2. The method of claim 1 further comprising:
transferring the substrate to an ex-situ processing reactor; and
removing the polymeric film and the residue from the substrate using the ex-situ processing reactor.
3. The method of claim 1 , wherein the residue is a halogenic residue formed after etching the material layer using at least one of NF3, CF4, Cl2, and HBr.
4. The method of claim 1 , wherein the material layer comprises at least one of a dielectric material, a metal, and a metal alloy.
5. The method of claim 1 , wherein the material layer comprises at least one of Si, polysilicon, SiO2, HfSiO4 and HfO2.
6. The method of claim 1 , wherein the material layer has a patterned etch mask disposed thereon.

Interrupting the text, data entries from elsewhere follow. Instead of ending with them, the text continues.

(* Let $T_1,T_2$ be trees on $X$ and let $Y\subseteq X$. Then for every $t\in\{2,3,\dots\}\cup\{\infty\}$, $$d_{\mathrm{MP}}^t(T_1(Y),T_2(Y))=d_{\mathrm{MP}}^t(T_1|_Y,T_2|_Y)\le d_{\mathrm{MP}}^t(T_1,T_2).$$
   Context: A tree on $X$ is an unrooted tree with leaf set $X$ whose internal vertices have degree at most $3$. For $Y\subseteq X$, $T(Y)$ is the smallest subtree of $T$ containing all leaves in $Y$, and $T|_Y$ is obtained from $T(Y)$ by suppressing all degree-2 vertices. A character on $X$ is a map $f:X\to S$ with $S$ nonempty; it is $t$-state if $|S|=t$. An extension $\bar f$ of $f$ labels all vertices by states, agreeing with $f$ on leaves; $\Delta_{\bar f}(T)$ counts edges with differently labelled endpoints; $l_f(T)=\min_{\bar f}\Delta_{\bar f}(T)$. $d_{\mathrm{MP}}^t(T_1,T_2)=\max_f|l_f(T_1)-l_f(T_2)|$ over all $t$-state characters $f$ on the common leaf set (over all characters if $t=\infty$). *)

theory Defs
  imports Main "HOL-Library.Extended_Nat"
begin

definition ugraph :: "'v set \<Rightarrow> 'v set set \<Rightarrow> bool" where
  "ugraph V E \<longleftrightarrow> finite V \<and> (\<forall>e\<in>E. \<exists>u v. u \<in> V \<and> v \<in> V \<and> u \<noteq> v \<and> e = {u, v})"

definition upath :: "'v set set \<Rightarrow> 'v list \<Rightarrow> bool" where
  "upath E xs \<longleftrightarrow> xs \<noteq> [] \<and> distinct xs \<and> (\<forall>i. Suc i < length xs \<longrightarrow> {xs ! i, xs ! Suc i} \<in> E)"

definition uconnected :: "'v set \<Rightarrow> 'v set set \<Rightarrow> bool" where
  "uconnected V E \<longleftrightarrow>
     (\<forall>u\<in>V. \<forall>v\<in>V. \<exists>xs. upath E xs \<and> set xs \<subseteq> V \<and> hd xs = u \<and> last xs = v)"

definition ucycle :: "'v set set \<Rightarrow> 'v list \<Rightarrow> bool" where
  "ucycle E xs \<longleftrightarrow> upath E xs \<and> length xs \<ge> 3 \<and> {last xs, hd xs} \<in> E"

definition utree :: "'v set \<Rightarrow> 'v set set \<Rightarrow> bool" where
  "utree V E \<longleftrightarrow> ugraph V E \<and> V \<noteq> {} \<and> uconnected V E \<and> \<not> (\<exists>xs. ucycle E xs)"

definition degree :: "'v set set \<Rightarrow> 'v \<Rightarrow> nat" where
  "degree E v = card {e \<in> E. v \<in> e}"

text \<open>Leaves: vertices of degree at most 1 (degree 0 only for a one-vertex tree).\<close>
definition leaves :: "'v set \<Rightarrow> 'v set set \<Rightarrow> 'v set" where
  "leaves V E = {v \<in> V. degree E v \<le> 1}"

definition tree_on :: "'v set \<Rightarrow> 'v set \<Rightarrow> 'v set set \<Rightarrow> bool" where
  "tree_on X V E \<longleftrightarrow> utree V E \<and> leaves V E = X \<and> (\<forall>v \<in> V - X. degree E v \<le> 3)"

text \<open>T(Y): the smallest subtree containing Y, i.e. the union of all paths between leaves in Y.\<close>
definition span_verts :: "'v set set \<Rightarrow> 'v set \<Rightarrow> 'v set" where
  "span_verts E Y = {w. \<exists>xs. upath E xs \<and> hd xs \<in> Y \<and> last xs \<in> Y \<and> w \<in> set xs}"

definition span_edges :: "'v set set \<Rightarrow> 'v set \<Rightarrow> 'v set set" where
  "span_edges E Y = {e. \<exists>xs i. upath E xs \<and> hd xs \<in> Y \<and> last xs \<in> Y \<and> Suc i < length xs
                          \<and> e = {xs ! i, xs ! Suc i}}"

definition suppr_verts :: "'v set \<Rightarrow> 'v set set \<Rightarrow> 'v set" where
  "suppr_verts V E = {v \<in> V. degree E v \<noteq> 2}"

definition suppr_edges :: "'v set \<Rightarrow> 'v set set \<Rightarrow> 'v set set" where
  "suppr_edges V E = {{u, v} | u v. u \<in> suppr_verts V E \<and> v \<in> suppr_verts V E \<and> u \<noteq> v \<and>
      (\<exists>xs. upath E xs \<and> hd xs = u \<and> last xs = v \<and> (\<forall>w \<in> set (butlast (tl xs)). degree E w = 2))}"

text \<open>T|_Y: T(Y) with all degree-2 vertices suppressed.\<close>
definition restr_verts :: "'v set set \<Rightarrow> 'v set \<Rightarrow> 'v set" where
  "restr_verts E Y = suppr_verts (span_verts E Y) (span_edges E Y)"

definition restr_edges :: "'v set set \<Rightarrow> 'v set \<Rightarrow> 'v set set" where
  "restr_edges E Y = suppr_edges (span_verts E Y) (span_edges E Y)"

definition changes :: "'v set set \<Rightarrow> ('v \<Rightarrow> 's) \<Rightarrow> nat" where
  "changes E g = card {e \<in> E. \<exists>u v. e = {u, v} \<and> g u \<noteq> g v}"

definition pscore :: "'s set \<Rightarrow> ('v \<Rightarrow> 's) \<Rightarrow> 'v set \<Rightarrow> 'v set set \<Rightarrow> nat" where
  "pscore S f V E = (INF g \<in> {g. g ` V \<subseteq> S \<and> (\<forall>x \<in> leaves V E. g x = f x)}. changes E g)"

text \<open>S is a state set of a t-state character (t = \<infinity>: any nonempty state set).
  States are drawn from nat, which is no loss since parsimony is invariant under renaming states.\<close>
definition t_states :: "enat \<Rightarrow> nat set \<Rightarrow> bool" where
  "t_states t S \<longleftrightarrow> S \<noteq> {} \<and> (case t of enat n \<Rightarrow> finite S \<and> card S = n | \<infinity> \<Rightarrow> True)"

definition dMP :: "enat \<Rightarrow> 'v set \<Rightarrow> 'v set \<Rightarrow> 'v set set \<Rightarrow> 'v set \<Rightarrow> 'v set set \<Rightarrow> nat" where
  "dMP t X V1 E1 V2 E2 =
     Sup {nat \<bar>int (pscore S f V1 E1) - int (pscore S f V2 E2)\<bar> | S f. t_states t S \<and> f ` X \<subseteq> S}"

end

theory Submission
  imports Defs
begin

text \<open>Let min_changes S f V E C be the least number of changes of an extension that agrees
  with f on the vertex set C; the parsimony score is the case C = leaves. For a character on Y,
  the score of T(Y) equals min_changes on all of T with C = Y, because a pendant vertex outside Y
  may copy the state of its neighbour. Fixing the state of one more leaf raises such a minimum by
  0 or 1, and some state leaves it unchanged; hence the leaves of X - Y can be fixed one at a time
  without shrinking the difference of the scores on T1 and T2, which gives the inequality.
  Suppressing a vertex w of degree 2 with neighbours p and q replaces the path p w q by the edge
  pq without changing any score, since an optimal extension may label w like p; so T(Y) and T|_Y
  have the same scores and hence the same distance.\<close>

section \<open>Parsimony with a set of fixed vertices\<close>

definition extensions :: "'s set \<Rightarrow> ('v \<Rightarrow> 's) \<Rightarrow> 'v set \<Rightarrow> 'v set \<Rightarrow> ('v \<Rightarrow> 's) set" where
  "extensions S f V C = {g. g ` V \<subseteq> S \<and> (\<forall>x \<in> C. g x = f x)}"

7. The method of claim 6 , wherein the patterned etch mask further comprises an anti-reflective coating (ARC).
8. The method of claim 7 , wherein the ARC comprises at least one of Si3N4 and SiON.
9. The method of claim 6 , wherein the material layer comprises trenches having an aspect ratio of about 20 to 100.
10. The method of claim 6 , wherein the patterned etch mask is formed from borosilicate glass (BSG).
11. The method of claim 6 , wherein the patterned etch mask is formed from photoresist.
12. The method of claim 1 , wherein the encapsulating step further comprises flowing a carbon containing gas into the etch chamber that comprises at least one of a fluorocarbon gas and a hydrocarbon gas.
13. The method of claim 12 , wherein the fluorocarbon gas comprises at least one of CF4, CH2F2, CH3F, CHF3, C2F6, C2F4, C3F8, C4F6, and C4F8.
14. The method of claim 12 , wherein the hydrocarbon gas comprises at least one gas having a chemical formula CxHy, where x and y are integers.
15. The method of claim 12 , wherein the carbon containing gas further comprises at least one of O2, CO2, H2O, H2, N2, NH3, Br2, Cl2, F2, HBr, HCl, HF, NF3, and a forming gas.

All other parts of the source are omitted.